"""

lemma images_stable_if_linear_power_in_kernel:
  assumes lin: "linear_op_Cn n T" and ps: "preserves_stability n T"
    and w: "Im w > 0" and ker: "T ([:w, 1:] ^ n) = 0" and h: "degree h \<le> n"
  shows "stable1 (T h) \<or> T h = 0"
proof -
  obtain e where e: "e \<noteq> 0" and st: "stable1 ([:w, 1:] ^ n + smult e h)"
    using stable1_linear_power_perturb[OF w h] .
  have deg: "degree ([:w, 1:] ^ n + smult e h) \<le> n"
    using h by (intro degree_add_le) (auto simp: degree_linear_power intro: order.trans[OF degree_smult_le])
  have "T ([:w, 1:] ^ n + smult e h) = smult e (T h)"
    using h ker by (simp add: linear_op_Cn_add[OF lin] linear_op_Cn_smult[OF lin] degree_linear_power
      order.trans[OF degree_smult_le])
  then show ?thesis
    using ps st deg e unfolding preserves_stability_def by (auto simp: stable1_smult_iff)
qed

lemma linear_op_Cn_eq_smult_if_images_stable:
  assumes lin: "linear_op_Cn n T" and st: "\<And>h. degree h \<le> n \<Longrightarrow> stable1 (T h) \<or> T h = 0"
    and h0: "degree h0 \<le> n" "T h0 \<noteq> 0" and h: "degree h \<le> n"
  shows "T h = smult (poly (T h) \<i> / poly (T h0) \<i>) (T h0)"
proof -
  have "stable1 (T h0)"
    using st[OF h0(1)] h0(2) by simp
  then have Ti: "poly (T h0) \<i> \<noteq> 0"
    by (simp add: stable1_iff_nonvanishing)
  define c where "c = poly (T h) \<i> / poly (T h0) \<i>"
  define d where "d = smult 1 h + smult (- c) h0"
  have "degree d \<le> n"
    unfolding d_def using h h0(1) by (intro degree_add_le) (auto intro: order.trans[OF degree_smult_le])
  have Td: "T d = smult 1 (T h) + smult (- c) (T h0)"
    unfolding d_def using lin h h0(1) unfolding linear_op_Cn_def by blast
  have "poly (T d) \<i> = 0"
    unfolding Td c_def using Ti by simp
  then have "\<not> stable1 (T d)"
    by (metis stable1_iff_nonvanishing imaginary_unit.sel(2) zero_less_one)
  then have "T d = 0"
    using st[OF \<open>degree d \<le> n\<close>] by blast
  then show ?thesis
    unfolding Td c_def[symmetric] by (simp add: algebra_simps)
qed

"""
"""

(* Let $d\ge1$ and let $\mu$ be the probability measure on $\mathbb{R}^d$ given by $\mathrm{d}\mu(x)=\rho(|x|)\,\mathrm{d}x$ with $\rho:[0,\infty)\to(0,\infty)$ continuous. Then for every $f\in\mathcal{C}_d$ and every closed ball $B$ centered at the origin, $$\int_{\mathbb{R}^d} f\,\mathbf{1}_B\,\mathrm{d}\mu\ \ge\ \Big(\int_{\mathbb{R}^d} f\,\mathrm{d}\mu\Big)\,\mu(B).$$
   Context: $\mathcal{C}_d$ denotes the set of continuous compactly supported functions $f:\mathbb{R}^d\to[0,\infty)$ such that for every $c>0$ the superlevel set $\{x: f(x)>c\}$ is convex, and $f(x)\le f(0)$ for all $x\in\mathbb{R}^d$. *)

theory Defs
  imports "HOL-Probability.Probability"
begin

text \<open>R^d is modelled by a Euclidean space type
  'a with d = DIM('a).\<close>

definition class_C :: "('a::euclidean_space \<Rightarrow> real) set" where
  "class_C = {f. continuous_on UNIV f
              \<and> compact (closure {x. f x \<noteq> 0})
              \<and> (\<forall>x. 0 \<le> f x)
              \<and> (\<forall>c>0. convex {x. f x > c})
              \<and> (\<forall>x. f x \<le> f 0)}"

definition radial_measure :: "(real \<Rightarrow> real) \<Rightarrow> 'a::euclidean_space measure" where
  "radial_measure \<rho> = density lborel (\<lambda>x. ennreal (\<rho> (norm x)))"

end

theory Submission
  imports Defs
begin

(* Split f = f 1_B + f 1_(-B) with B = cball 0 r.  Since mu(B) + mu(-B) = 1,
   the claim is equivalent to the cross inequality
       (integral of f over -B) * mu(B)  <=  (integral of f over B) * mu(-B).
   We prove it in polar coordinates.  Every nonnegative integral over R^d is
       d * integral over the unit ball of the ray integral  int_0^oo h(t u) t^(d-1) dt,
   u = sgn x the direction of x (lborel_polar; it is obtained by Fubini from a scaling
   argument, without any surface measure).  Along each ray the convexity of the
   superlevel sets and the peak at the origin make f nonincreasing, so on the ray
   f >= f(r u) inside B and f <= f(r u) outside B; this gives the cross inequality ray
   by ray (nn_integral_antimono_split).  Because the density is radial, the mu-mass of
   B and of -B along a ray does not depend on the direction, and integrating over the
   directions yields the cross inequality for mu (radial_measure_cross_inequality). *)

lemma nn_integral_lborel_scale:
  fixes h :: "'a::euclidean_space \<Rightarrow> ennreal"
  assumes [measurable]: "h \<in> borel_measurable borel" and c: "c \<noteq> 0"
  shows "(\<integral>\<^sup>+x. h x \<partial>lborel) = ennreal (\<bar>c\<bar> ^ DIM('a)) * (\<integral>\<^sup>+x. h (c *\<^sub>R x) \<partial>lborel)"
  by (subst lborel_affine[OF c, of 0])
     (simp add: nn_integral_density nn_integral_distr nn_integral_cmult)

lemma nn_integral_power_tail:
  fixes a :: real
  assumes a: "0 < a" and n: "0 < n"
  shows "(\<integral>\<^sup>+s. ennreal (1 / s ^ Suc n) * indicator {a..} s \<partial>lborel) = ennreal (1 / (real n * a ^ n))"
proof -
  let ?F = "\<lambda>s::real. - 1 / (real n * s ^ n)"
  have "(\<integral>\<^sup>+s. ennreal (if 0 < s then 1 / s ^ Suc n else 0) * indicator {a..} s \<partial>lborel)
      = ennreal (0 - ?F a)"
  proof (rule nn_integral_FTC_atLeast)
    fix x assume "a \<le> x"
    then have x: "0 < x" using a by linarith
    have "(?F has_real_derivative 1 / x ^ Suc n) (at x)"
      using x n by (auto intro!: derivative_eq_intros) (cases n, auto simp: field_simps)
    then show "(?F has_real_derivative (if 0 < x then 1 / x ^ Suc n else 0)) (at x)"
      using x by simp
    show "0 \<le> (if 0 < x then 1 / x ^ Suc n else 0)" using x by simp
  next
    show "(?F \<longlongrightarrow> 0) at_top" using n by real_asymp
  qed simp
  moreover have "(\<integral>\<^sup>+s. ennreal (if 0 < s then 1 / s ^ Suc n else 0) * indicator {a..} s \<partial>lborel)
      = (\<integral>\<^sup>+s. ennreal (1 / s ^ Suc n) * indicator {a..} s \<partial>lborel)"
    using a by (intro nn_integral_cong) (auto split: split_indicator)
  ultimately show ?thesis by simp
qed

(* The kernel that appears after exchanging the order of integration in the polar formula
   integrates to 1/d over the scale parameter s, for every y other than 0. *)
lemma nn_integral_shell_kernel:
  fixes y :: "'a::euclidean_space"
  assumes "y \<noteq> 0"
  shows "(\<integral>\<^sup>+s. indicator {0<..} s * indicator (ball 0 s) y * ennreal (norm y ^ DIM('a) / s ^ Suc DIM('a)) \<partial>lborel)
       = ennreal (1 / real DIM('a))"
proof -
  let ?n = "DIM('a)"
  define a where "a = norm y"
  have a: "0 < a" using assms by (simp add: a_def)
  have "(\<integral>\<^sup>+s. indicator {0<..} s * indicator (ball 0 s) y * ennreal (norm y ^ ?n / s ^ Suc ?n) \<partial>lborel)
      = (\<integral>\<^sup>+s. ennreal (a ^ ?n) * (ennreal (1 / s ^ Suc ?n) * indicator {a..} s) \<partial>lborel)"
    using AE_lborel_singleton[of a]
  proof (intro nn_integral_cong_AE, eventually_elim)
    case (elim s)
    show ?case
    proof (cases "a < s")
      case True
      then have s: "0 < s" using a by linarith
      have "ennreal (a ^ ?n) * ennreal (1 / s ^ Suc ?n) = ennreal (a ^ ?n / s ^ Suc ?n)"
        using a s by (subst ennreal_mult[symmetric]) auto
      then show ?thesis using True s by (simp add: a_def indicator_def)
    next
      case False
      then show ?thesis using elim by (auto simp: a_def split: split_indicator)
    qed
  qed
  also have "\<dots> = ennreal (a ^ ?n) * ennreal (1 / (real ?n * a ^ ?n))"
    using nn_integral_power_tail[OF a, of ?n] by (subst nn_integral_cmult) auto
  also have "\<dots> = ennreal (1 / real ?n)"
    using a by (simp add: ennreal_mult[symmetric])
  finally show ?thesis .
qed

"""
"""

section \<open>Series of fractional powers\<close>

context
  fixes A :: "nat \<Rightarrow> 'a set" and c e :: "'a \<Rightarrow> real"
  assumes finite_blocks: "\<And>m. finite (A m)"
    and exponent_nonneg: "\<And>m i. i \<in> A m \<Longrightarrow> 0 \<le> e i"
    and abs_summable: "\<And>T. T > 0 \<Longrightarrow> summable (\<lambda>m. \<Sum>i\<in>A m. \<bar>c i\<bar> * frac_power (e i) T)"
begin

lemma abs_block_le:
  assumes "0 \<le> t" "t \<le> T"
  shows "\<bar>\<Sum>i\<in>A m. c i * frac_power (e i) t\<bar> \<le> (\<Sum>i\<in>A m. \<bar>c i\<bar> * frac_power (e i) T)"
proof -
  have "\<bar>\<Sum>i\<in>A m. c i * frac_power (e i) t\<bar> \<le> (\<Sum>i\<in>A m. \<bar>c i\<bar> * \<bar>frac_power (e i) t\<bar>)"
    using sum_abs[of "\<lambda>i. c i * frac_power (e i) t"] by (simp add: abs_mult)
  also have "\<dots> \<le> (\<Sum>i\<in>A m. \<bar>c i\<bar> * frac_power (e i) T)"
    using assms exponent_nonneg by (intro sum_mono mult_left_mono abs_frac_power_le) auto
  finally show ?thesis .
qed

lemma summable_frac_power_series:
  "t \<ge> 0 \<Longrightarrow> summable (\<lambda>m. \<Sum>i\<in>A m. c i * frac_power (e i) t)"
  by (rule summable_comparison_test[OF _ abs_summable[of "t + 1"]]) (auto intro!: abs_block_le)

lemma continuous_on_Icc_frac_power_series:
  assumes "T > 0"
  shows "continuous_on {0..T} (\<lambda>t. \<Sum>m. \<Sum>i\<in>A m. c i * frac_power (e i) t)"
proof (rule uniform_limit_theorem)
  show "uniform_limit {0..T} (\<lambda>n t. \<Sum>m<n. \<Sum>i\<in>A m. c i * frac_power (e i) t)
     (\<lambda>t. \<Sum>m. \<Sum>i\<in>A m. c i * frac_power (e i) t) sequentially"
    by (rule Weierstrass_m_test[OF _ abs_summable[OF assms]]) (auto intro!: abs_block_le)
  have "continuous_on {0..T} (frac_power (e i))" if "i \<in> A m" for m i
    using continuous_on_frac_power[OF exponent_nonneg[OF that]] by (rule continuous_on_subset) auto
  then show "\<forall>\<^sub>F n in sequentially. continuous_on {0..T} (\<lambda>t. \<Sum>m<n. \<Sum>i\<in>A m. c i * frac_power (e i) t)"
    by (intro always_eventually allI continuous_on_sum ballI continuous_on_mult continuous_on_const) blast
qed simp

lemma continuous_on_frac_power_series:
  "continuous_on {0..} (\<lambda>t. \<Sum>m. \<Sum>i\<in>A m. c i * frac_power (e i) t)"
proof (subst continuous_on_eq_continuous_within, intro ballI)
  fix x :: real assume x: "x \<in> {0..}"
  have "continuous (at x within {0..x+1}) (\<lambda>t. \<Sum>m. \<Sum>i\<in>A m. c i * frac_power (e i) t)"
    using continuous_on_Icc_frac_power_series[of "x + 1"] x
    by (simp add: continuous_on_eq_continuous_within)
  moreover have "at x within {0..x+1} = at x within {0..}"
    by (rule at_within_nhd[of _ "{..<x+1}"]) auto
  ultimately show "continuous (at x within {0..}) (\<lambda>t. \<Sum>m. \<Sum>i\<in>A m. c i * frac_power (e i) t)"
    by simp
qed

"""

◆ **WHAT THIS TASK INVOLVES**
Could you return the lines in the entries above that contain "imports"?

◆ **ANSWER FOR THE TASK**
  imports "HOL-Probability.Probability"
  imports Defs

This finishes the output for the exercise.